Nel xix secolo sorse un grande dibattito tra i fisici, per cercare di capire quale fosse la sorgente di energia del Sole. Le reazioni nucleari erano ancora sconosciute e l’idea dominante era che l’elevata temperatura del Sole (6000 gradi Kelvin alla sua superficie) fosse dovuta alla compressione del gas che lo compone a causa della sua stessa gravità. Quando gonfiamo le ruote di una bicicletta notiamo che la pompa si scalda; questo avviene perché parte del lavoro che noi facciamo per comprimere l’aria si trasforma in calore (questo effetto è dovuto alla prima legge della termodinamica e si verifica anche nel caso ideale di una totale assenza di attrito). Analogamente, si riteneva che gli strati esterni del Sole, comprimendo con il loro peso gli strati più interni, ne innalzassero la temperatura producendo la luminosità osservata. Questa luminosità fa perdere energia al Sole che, per mantenere la propria temperatura, deve continuare a contrarsi. Il Sole dunque morirebbe dopo essersi ridotto a dimensioni tali da non poter subire ulteriori contrazioni. Il tempo di vita così calcolato risultava essere di 60 milioni di anni. Questa conclusione era incompatibile con i dati che i paleontologi e i geologi andavano accumulando. Sebbene questi scienziati non fossero in grado di fare precise stime quantitative (la radioattività non era stata ancora scoperta), risultava sempre più evidente che i tempi richiesti dalle teorie evolutive che si andavano affermando – sia per gli esseri viventi, che per la crosta terrestre – dovevano essere molto più lunghi della vita del Sole allora stimata. La scoperta delle reazioni nucleari, avvenuta all’inizio dello scorso secolo, risolse questo contrasto.

I protoni sono particelle cariche positivamente e tendono quindi a respingersi. Tuttavia, se si trovano in un ambiente molto “affollato” (alta densità) e sono dotati di un’alta velocità di agitazione termica (alta temperatura) riescono a scontrarsi, rimanendo poi “attaccati” grazie alla forza nucleare attrattiva che agisce solo a distanze dell’ordine di un nucleo atomico (≈ 10 -13 cm). Nel centro del Sole, effettivamente, le condizioni sono tali da permettere le reazioni nucleari e coppie di protoni e di neutroni si legano per formare nuclei di elio, ciascuno costituito, appunto, da due protoni e due neutroni. Il nucleo di elio, tuttavia, risulta più leggero della somma dei suoi quattro componenti. La massa mancante m si è trasformata in energia E che giunge fino a noi sotto forma di onde elettromagnetiche. Dato l’alto valore della velocità della luce c (≈ 300.000 km/s), tramite la formula E=mc2, una piccola massa è in grado di produrre una notevole quantità di energia. Di conseguenza, il Sole risulta in grado di brillare con la sua attuale luminosità per circa10 miliardi di anni, un lasso di tempo ampiamente sufficiente a permettere l’evoluzione sulla Terra.

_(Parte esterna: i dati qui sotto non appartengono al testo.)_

lemma measurable_sample:
  "(t, i) \<in> K \<Longrightarrow> i < n \<Longrightarrow> (\<lambda>\<omega>. \<omega> (t, i)) \<in> measurable (PiM K (sample_law n D)) (D i)"
  using measurable_component_singleton[of "(t, i)" K "sample_law n D"] by (simp add: sample_law_eq)

lemma measurable_fedsps:
  fixes F :: "nat \<Rightarrow> 'a::euclidean_space \<Rightarrow> 'w \<Rightarrow> real" and G :: "nat \<Rightarrow> 'a \<Rightarrow> 'w \<Rightarrow> 'a"
  assumes measF: "\<forall>i<n. (\<lambda>(x, xi). F i x xi) \<in> borel_measurable (borel \<Otimes>\<^sub>M D i)"
    and measG: "\<forall>i<n. (\<lambda>(x, xi). G i x xi) \<in> borel_measurable (borel \<Otimes>\<^sub>M D i)"
    and "{..<t} \<times> {..<n} \<subseteq> K" and "k < n"
  shows "(\<lambda>\<omega>. fedsps n tau F G ell c gb x0 \<omega> t k) \<in> borel_measurable (PiM K (sample_law n D))"
  using assms(3,4)
proof (induction t arbitrary: k)
  case (Suc t)
  have update: "(\<lambda>\<omega>. fedsps n tau F G ell c gb x0 \<omega> t j
      - sps_update F G ell c gb j (fedsps n tau F G ell c gb x0 \<omega> t j) (\<omega> (t, j)))
      \<in> borel_measurable (PiM K (sample_law n D))" if "j < n" for j
    using Suc that measF measG
    by (intro borel_measurable_diff measurable_sps_update Suc.IH) (auto intro!: measurable_sample)
  show ?case
  proof (cases "tau dvd Suc t")
    case True
    then show ?thesis unfolding fedsps_Suc_sync[OF True]
      using update by (intro borel_measurable_scaleR borel_measurable_sum) auto
  next
    case False
    then show ?thesis unfolding fedsps_Suc_local[OF False]
      using update Suc.prems by auto
  qed
qed simp

locale fedsps_stochastic = fedsps_params n tau F G ell c gb L x0
  for n tau and F :: "nat \<Rightarrow> 'a::euclidean_space \<Rightarrow> 'w \<Rightarrow> real" and G ell c gb L x0 +
  fixes D :: "nat \<Rightarrow> 'w measure" and xstar :: 'a
  assumes prob: "\<forall>i<n. prob_space (D i)"
    and measF: "\<forall>i<n. (\<lambda>(x, xi). F i x xi) \<in> borel_measurable (borel \<Otimes>\<^sub>M D i)"
    and measG: "\<forall>i<n. (\<lambda>(x, xi). G i x xi) \<in> borel_measurable (borel \<Otimes>\<^sub>M D i)"
    and intF: "\<forall>i<n. \<forall>x. integrable (D i) (F i x)"
    and diffF: "\<forall>i<n. AE xi in D i. \<forall>x. ((\<lambda>y. F i y xi) has_derivative (\<lambda>h. G i x xi \<bullet> h)) (at x)"
    and unbiased: "\<forall>i<n. \<forall>x. (local_obj D F i has_derivative (\<lambda>h. (\<integral>xi. G i x xi \<partial>D i) \<bullet> h)) (at x)"
    and lower: "\<forall>i<n. AE xi in D i. \<forall>x. ell i \<le> F i x xi"
    and smooth: "\<forall>i<n. AE xi in D i. \<forall>x y. norm (G i y xi - G i x xi) \<le> L * norm (x - y)"
    and minimizer: "\<forall>x. global_obj n D F xstar \<le> global_obj n D F x"
begin

abbreviation \<Omega> :: "(nat \<times> nat \<Rightarrow> 'w) measure" where
  "\<Omega> \<equiv> sample_space n D"

abbreviation expected_consensus :: "nat \<Rightarrow> ennreal" where
  "expected_consensus t \<equiv> \<integral>\<^sup>+\<omega>. ennreal (consensus_dist n (iter \<omega> t)) \<partial>\<Omega>"

abbreviation expected_gap :: "nat \<Rightarrow> ennreal" where
  "expected_gap t \<equiv> \<integral>\<^sup>+\<omega>. ennreal (global_obj n D F (avg n (iter \<omega> t)) - global_obj n D F xstar) \<partial>\<Omega>"

abbreviation \<sigma>\<^sub>f\<^sub>2 :: real where
  "\<sigma>\<^sub>f\<^sub>2 \<equiv> sigma_f2 n D F ell xstar"

lemma product_prob_space_sample_law: "product_prob_space (sample_law n D)"
  using prob by (intro product_prob_spaceI prob_space_sample_law)

lemma prob_space_\<Omega>: "prob_space \<Omega>"
proof -
  interpret product_prob_space "sample_law n D" "UNIV \<times> {..<n}"
    by (rule product_prob_space_sample_law)
  show ?thesis unfolding sample_space_eq_PiM_sample_law by unfold_locales
qed

lemma measurable_iter: "k < n \<Longrightarrow> (\<lambda>\<omega>. iter \<omega> t k) \<in> borel_measurable \<Omega>"
  unfolding sample_space_eq_PiM_sample_law using measF measG by (intro measurable_fedsps) auto

lemma measurable_avg_iter: "(\<lambda>\<omega>. avg n (iter \<omega> t)) \<in> borel_measurable \<Omega>"
  using measurable_iter by (rule measurable_avg)

lemma measurable_consensus_dist_iter:
  "(\<lambda>\<omega>. consensus_dist n (iter \<omega> t)) \<in> borel_measurable \<Omega>"
  using measurable_iter by (rule measurable_consensus_dist)

lemma local_obj_ge: "i < n \<Longrightarrow> ell i \<le> local_obj D F i x"
  unfolding local_obj_def using prob intF lower
  by (intro prob_space.integral_ge_const) (auto elim!: AE_mp)

lemma sigma_f2_nonneg: "0 \<le> \<sigma>\<^sub>f\<^sub>2"
  unfolding sigma_f2_def using local_obj_ge by (auto intro!: divide_nonneg_nonneg sum_nonneg)

text \<open>Differentiability of the local objectives is used only to make them Borel measurable.\<close>
lemma borel_measurable_local_obj: "i < n \<Longrightarrow> local_obj D F i \<in> borel_measurable borel"
  using unbiased
  by (intro borel_measurable_continuous_onI continuous_at_imp_continuous_on)
     (auto intro: has_derivative_continuous)

lemma AE_regular_samples: "AE \<omega> in \<Omega>. \<forall>j<t. \<forall>i<n. regular_sample F G ell L i (\<omega> (j, i))"
proof -
  interpret product_prob_space "sample_law n D" "UNIV \<times> {..<n}"
    by (rule product_prob_space_sample_law)
  have "AE \<omega> in PiM (UNIV \<times> {..<n}) (sample_law n D). regular_sample F G ell L (snd p) (\<omega> p)"
    if p_in: "p \<in> {..<t} \<times> {..<n}" for p
  proof (rule AE_component)
    obtain j i where p: "p = (j, i)" "i < n" using p_in by auto
    have "AE xi in D i. regular_sample F G ell L i xi"
      using p diffF lower smooth by (auto simp: regular_sample_def)
    then show "AE xi in sample_law n D p. regular_sample F G ell L (snd p) xi"
      unfolding p(1) sample_law_eq[OF p(2)] by simp
  qed (use p_in in auto)
  then have "AE \<omega> in \<Omega>. \<forall>p\<in>{..<t} \<times> {..<n}. regular_sample F G ell L (snd p) (\<omega> p)"
    unfolding sample_space_eq_PiM_sample_law by (intro eventually_ball_finite) auto
  then show ?thesis by (rule AE_mp) auto
qed

lemma measurable_sample_loss:
  assumes "i < n"
  shows "(\<lambda>\<omega>. F i (avg n (iter \<omega> j)) (\<omega> (j, i))) \<in> borel_measurable \<Omega>"
proof (rule measurable_Pair_compose_split[where f="F i"])
  show "(\<lambda>(x, xi). F i x xi) \<in> borel_measurable (borel \<Otimes>\<^sub>M D i)"
    using measF assms by simp
  show "(\<lambda>\<omega>. \<omega> (j, i)) \<in> measurable \<Omega> (D i)"
    unfolding sample_space_eq_PiM_sample_law using assms by (intro measurable_sample) auto
qed (rule measurable_avg_iter)

lemma nn_integral_fresh_sample:
  assumes "i < n"
  shows "(\<integral>\<^sup>+\<omega>. ennreal (F i (avg n (iter \<omega> j)) (\<omega> (j, i)) - ell i) \<partial>\<Omega>)
       = (\<integral>\<^sup>+\<omega>. ennreal (local_obj D F i (avg n (iter \<omega> j)) - ell i) \<partial>\<Omega>)"
proof -
  interpret product_prob_space "sample_law n D" "UNIV \<times> {..<n}"
    by (rule product_prob_space_sample_law)
  define J where "J = {..<j} \<times> {..<n}"
  define X where "X \<omega> = avg n (iter \<omega> j)" for \<omega>
  have past: "X (restrict \<omega> J) = X \<omega>" for \<omega>
    unfolding X_def by (rule avg_fedsps_cong_samples) (auto simp: J_def)
  have X_meas: "X \<in> borel_measurable (PiM J (sample_law n D))"
    unfolding X_def using measF measG by (intro measurable_avg measurable_fedsps) (auto simp: J_def)
  have "(\<lambda>(x, y). F i x y) \<in> borel_measurable (borel \<Otimes>\<^sub>M sample_law n D (j, i))"
    using measF assms by (simp add: sample_law_eq)
  then have loss_meas: "(\<lambda>(x, y). ennreal (F i x y - ell i)) \<in> borel_measurable (borel \<Otimes>\<^sub>M sample_law n D (j, i))"
    by measurable
  have "(\<integral>\<^sup>+\<omega>. ennreal (F i (avg n (iter \<omega> j)) (\<omega> (j, i)) - ell i) \<partial>\<Omega>)
      = (\<integral>\<^sup>+\<omega>. ennreal (F i (X (restrict \<omega> J)) (\<omega> (j, i)) - ell i) \<partial>PiM (UNIV \<times> {..<n}) (sample_law n D))"
    unfolding sample_space_eq_PiM_sample_law X_def past[unfolded X_def] ..
  also have "\<dots> = (\<integral>\<^sup>+\<omega>. (\<integral>\<^sup>+y. ennreal (F i (X (restrict \<omega> J)) y - ell i) \<partial>sample_law n D (j, i))
      \<partial>PiM (UNIV \<times> {..<n}) (sample_law n D))"
    using assms by (intro nn_integral_fresh_component[OF _ _ _ _ X_meas loss_meas]) (auto simp: J_def)
  also have "\<dots> = (\<integral>\<^sup>+\<omega>. ennreal (local_obj D F i (avg n (iter \<omega> j)) - ell i) \<partial>\<Omega>)"
    unfolding sample_law_eq[OF assms] X_def past[unfolded X_def] local_obj_def sample_space_eq_PiM_sample_law
    using prob intF lower assms by (intro nn_integral_cong nn_integral_diff_const_eq) auto
  finally show ?thesis .
qed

Sfortunatamente, la formula di Einstein non è servita solo a comprendere il meccanismo di funzionamento del Sole, ma ha anche permesso la costruzione delle bombe atomiche. Le bombe sganciate sul Giappone avevano una potenza enorme, pari 10-20.000 tonnellate di tritolo (kiloton). Le bombe più recenti producono un’energia mille volte maggiore. Tuttavia, la loro efficienza rimane alquanto bassa e la gran parte della massa originaria non viene convertita in energia.

Cosa si oppone ad una trasformazione totale? La risposta è data dalle leggi di conservazione. Ad esempio, un elettrone non può svanire in una vampata di energia, perché così verrebbe meno la conservazione della carica elettrica. È diverso il caso in cui un elettrone collide con un positrone, la sua antiparticella con carica elettrica positiva. In questo caso, la carica totale della coppia di particelle è nulla e le loro masse possono trasformarsi completamente in energia.